=== Stored items ===

>>>

(* Let $\mathcal{N}=\{1,\dots,N\}$, $K\ge1$, $M\ge0$, and let $\underline{\mathsf{d}}$ be uniformly distributed over $\mathcal{N}^K$. For any $s\in\{1,2,\dots,\min\{N,K\}\}$, \[ \bar{R}(M,\mathcal{N},K)\ge \Pr\bigl(w(\underline{\mathsf{d}})\ge s\bigr)\,\bar{R}_s(M,\mathcal{N},s). \]
   Context: Caching problem: a server holds $N$ files of $F$ bits each, connected through a shared error-free link to $K$ users each with a cache of $MF$ bits. In the placement phase each user stores an arbitrary function of the files of at most $MF$ bits; in the delivery phase the users' demand vector $\underline{d}\in\mathcal{N}^K$ is revealed, the server sends a message over the shared link, and each user must reconstruct its requested file from the message and its cache. The rate is message length divided by $F$. $\bar{R}(M,\mathcal{N},K)$ is the optimal expected rate (infimum over all schemes of the expected rate, achievable with vanishing error probability for all large $F$) when the demand vector is uniform over $\mathcal{N}^K$. For a vector $\underline{d}$, $w(\underline{d})$ is the number of distinct entries of $\underline{d}$. For $s\in\{1,\dots,\min\{N,K\}\}$, $\bar{R}_s(M,\mathcal{N},K)$ is the optimal expected rate when the demand vector is uniform over $\mathcal{N}^K$ conditioned on $w(\underline{d})=s$ (both placement and delivery optimized for this conditional distribution). In particular, $\bar{R}_s(M,\mathcal{N},s)$ is the optimal expected rate for $s$ users requesting files chosen uniformly at random from $\mathcal{N}$ without replacement. *)

theory Defs
  imports Main "HOL-Library.FuncSet" Complex_Main
begin

(* Files are indexed by the elements of a finite set Ns (the paper's \<N>);
   users are indexed by {..<K}. A file is a bit string (bool list) of length F. *)

definition files_space :: "nat set \<Rightarrow> nat \<Rightarrow> (nat \<Rightarrow> bool list) set" where
  "files_space Ns F = PiE Ns (\<lambda>_. {xs. length xs = F})"

definition demands :: "nat set \<Rightarrow> nat \<Rightarrow> (nat \<Rightarrow> nat) set" where
  "demands Ns K = PiE {..<K} (\<lambda>_. Ns)"

definition nd :: "nat \<Rightarrow> (nat \<Rightarrow> nat) \<Rightarrow> nat" where
  "nd K d = card (d ` {..<K})"

(* error probability for demand d, files uniform i.i.d. over {0,1}^F:
   probability that some user k decodes incorrectly *)
definition error_prob ::
  "nat set \<Rightarrow> nat \<Rightarrow> nat \<Rightarrow> (nat \<Rightarrow> (nat \<Rightarrow> bool list) \<Rightarrow> bool list)
   \<Rightarrow> ((nat \<Rightarrow> nat) \<Rightarrow> (nat \<Rightarrow> bool list) \<Rightarrow> bool list)
   \<Rightarrow> (nat \<Rightarrow> (nat \<Rightarrow> nat) \<Rightarrow> bool list \<Rightarrow> bool list \<Rightarrow> bool list)
   \<Rightarrow> (nat \<Rightarrow> nat) \<Rightarrow> real" where
  "error_prob Ns K F \<phi> \<psi> \<mu> d =
     real (card {W \<in> files_space Ns F. \<exists>k<K. \<mu> k d (\<psi> d W) (\<phi> k W) \<noteq> W (d k)})
     / real (card (files_space Ns F))"

(* A caching scheme for file size F bits, cache size M (normalised), demand set D
   (the demand vector is uniform over D):
   \<phi> k W  = cache content of user k (at most M*F bits),
   \<psi> d W  = broadcast message for demand d (at most L d bits),
   \<mu> k d X Z = decoded file of user k from message X and cache Z. *)
definition good_scheme ::
  "real \<Rightarrow> nat set \<Rightarrow> nat \<Rightarrow> (nat \<Rightarrow> nat) set \<Rightarrow> nat
   \<Rightarrow> (nat \<Rightarrow> (nat \<Rightarrow> bool list) \<Rightarrow> bool list)
   \<Rightarrow> ((nat \<Rightarrow> nat) \<Rightarrow> (nat \<Rightarrow> bool list) \<Rightarrow> bool list)
   \<Rightarrow> ((nat \<Rightarrow> nat) \<Rightarrow> nat)
   \<Rightarrow> (nat \<Rightarrow> (nat \<Rightarrow> nat) \<Rightarrow> bool list \<Rightarrow> bool list \<Rightarrow> bool list)
   \<Rightarrow> real \<Rightarrow> real \<Rightarrow> bool" where
  "good_scheme M Ns K D F \<phi> \<psi> L \<mu> eps R \<longleftrightarrow>
     (\<forall>k<K. \<forall>W\<in>files_space Ns F. real (length (\<phi> k W)) \<le> M * real F) \<and>
     (\<forall>d\<in>D. \<forall>W\<in>files_space Ns F. length (\<psi> d W) \<le> L d) \<and>
     (\<forall>d\<in>D. error_prob Ns K F \<phi> \<psi> \<mu> d \<le> eps) \<and>
     (\<Sum>d\<in>D. real (L d) / real F) / real (card D) \<le> R"

definition achievable :: "real \<Rightarrow> nat set \<Rightarrow> nat \<Rightarrow> (nat \<Rightarrow> nat) set \<Rightarrow> real \<Rightarrow> bool" where
  "achievable M Ns K D R \<longleftrightarrow>
     (\<forall>eps>0. \<exists>F0. \<forall>F\<ge>F0. \<exists>\<phi> \<psi> L \<mu>. good_scheme M Ns K D F \<phi> \<psi> L \<mu> eps (R + eps))"

definition opt_rate :: "real \<Rightarrow> nat set \<Rightarrow> nat \<Rightarrow> (nat \<Rightarrow> nat) set \<Rightarrow> real" where
  "opt_rate M Ns K D = Inf {R. achievable M Ns K D R}"

definition Rbar :: "real \<Rightarrow> nat set \<Rightarrow> nat \<Rightarrow> real" where
  "Rbar M Ns K = opt_rate M Ns K (demands Ns K)"

definition Rbar_s :: "real \<Rightarrow> nat set \<Rightarrow> nat \<Rightarrow> nat \<Rightarrow> real" where
  "Rbar_s M Ns K s = opt_rate M Ns K {d \<in> demands Ns K. nd K d = s}"

end

theory Submission
  imports Defs
begin

text \<open>A scheme for \<open>K\<close> users also serves \<open>s\<close> users with distinct demands \<open>e\<close>: let \<open>s\<close> of the
  \<open>K\<close> users, chosen by an injection \<open>\<sigma>\<close>, act for them and complete \<open>e\<close> to a demand vector \<open>d\<close> of all
  \<open>K\<close> users with \<open>d \<circ> \<sigma> = e\<close>, taking the completion with the shortest message. To bound the resulting
  rate, weight each \<open>d\<close> by the inverse of the number of injections on which it is distinct. Summed over
  all injections, every \<open>d\<close> with \<open>w(d) \<ge> s\<close> then carries total weight one, while for a fixed injection
  relabelling the files shows that all distinct \<open>e\<close> receive the same weight. Hence some injection gives
  an expected rate of at most the average rate over all demands divided by \<open>Pr(w(d) \<ge> s)\<close>.\<close>

definition injections :: "nat \<Rightarrow> nat \<Rightarrow> (nat \<Rightarrow> nat) set" where
  "injections s K = {\<sigma> \<in> {..<s} \<rightarrow>\<^sub>E {..<K}. inj_on \<sigma> {..<s}}"

definition subdemand :: "nat \<Rightarrow> (nat \<Rightarrow> nat) \<Rightarrow> (nat \<Rightarrow> nat) \<Rightarrow> nat \<Rightarrow> nat" where
  "subdemand s \<sigma> d = (\<lambda>j\<in>{..<s}. d (\<sigma> j))"

definition distinct_demands :: "nat set \<Rightarrow> nat \<Rightarrow> (nat \<Rightarrow> nat) set" where
  "distinct_demands Ns s = {e \<in> demands Ns s. inj_on e {..<s}}"

definition distinct_selections :: "nat \<Rightarrow> nat \<Rightarrow> (nat \<Rightarrow> nat) \<Rightarrow> nat" where
  "distinct_selections s K d = card {\<sigma> \<in> injections s K. inj_on (subdemand s \<sigma> d) {..<s}}"

definition demand_fiber :: "nat set \<Rightarrow> nat \<Rightarrow> nat \<Rightarrow> (nat \<Rightarrow> nat) \<Rightarrow> (nat \<Rightarrow> nat) \<Rightarrow> (nat \<Rightarrow> nat) set" where
  "demand_fiber Ns s K \<sigma> e = {d \<in> demands Ns K. subdemand s \<sigma> d = e}"

definition fiber_weight :: "nat set \<Rightarrow> nat \<Rightarrow> nat \<Rightarrow> (nat \<Rightarrow> nat) \<Rightarrow> (nat \<Rightarrow> nat) \<Rightarrow> real" where
  "fiber_weight Ns s K \<sigma> e = (\<Sum>d\<in>demand_fiber Ns s K \<sigma> e. 1 / real (distinct_selections s K d))"

definition relabel_demand :: "nat \<Rightarrow> (nat \<Rightarrow> nat) \<Rightarrow> (nat \<Rightarrow> nat) \<Rightarrow> nat \<Rightarrow> nat" where
  "relabel_demand K \<pi> d = (\<lambda>k\<in>{..<K}. \<pi> (d k))"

<<<

=== YOUR TASK ===
Return every line of the preceding records in which the word "chosen" appears.

=== EXPECTED ANSWER ===
   Context: Caching problem: a server holds $N$ files of $F$ bits each, connected through a shared error-free link to $K$ users each with a cache of $MF$ bits. In the placement phase each user stores an arbitrary function of the files of at most $MF$ bits; in the delivery phase the users' demand vector $\underline{d}\in\mathcal{N}^K$ is revealed, the server sends a message over the shared link, and each user must reconstruct its requested file from the message and its cache. The rate is message length divided by $F$. $\bar{R}(M,\mathcal{N},K)$ is the optimal expected rate (infimum over all schemes of the expected rate, achievable with vanishing error probability for all large $F$) when the demand vector is uniform over $\mathcal{N}^K$. For a vector $\underline{d}$, $w(\underline{d})$ is the number of distinct entries of $\underline{d}$. For $s\in\{1,\dots,\min\{N,K\}\}$, $\bar{R}_s(M,\mathcal{N},K)$ is the optimal expected rate when the demand vector is uniform over $\mathcal{N}^K$ conditioned on $w(\underline{d})=s$ (both placement and delivery optimized for this conditional distribution). In particular, $\bar{R}_s(M,\mathcal{N},s)$ is the optimal expected rate for $s$ users requesting files chosen uniformly at random from $\mathcal{N}$ without replacement. *)
  \<open>K\<close> users, chosen by an injection \<open>\<sigma>\<close>, act for them and complete \<open>e\<close> to a demand vector \<open>d\<close> of all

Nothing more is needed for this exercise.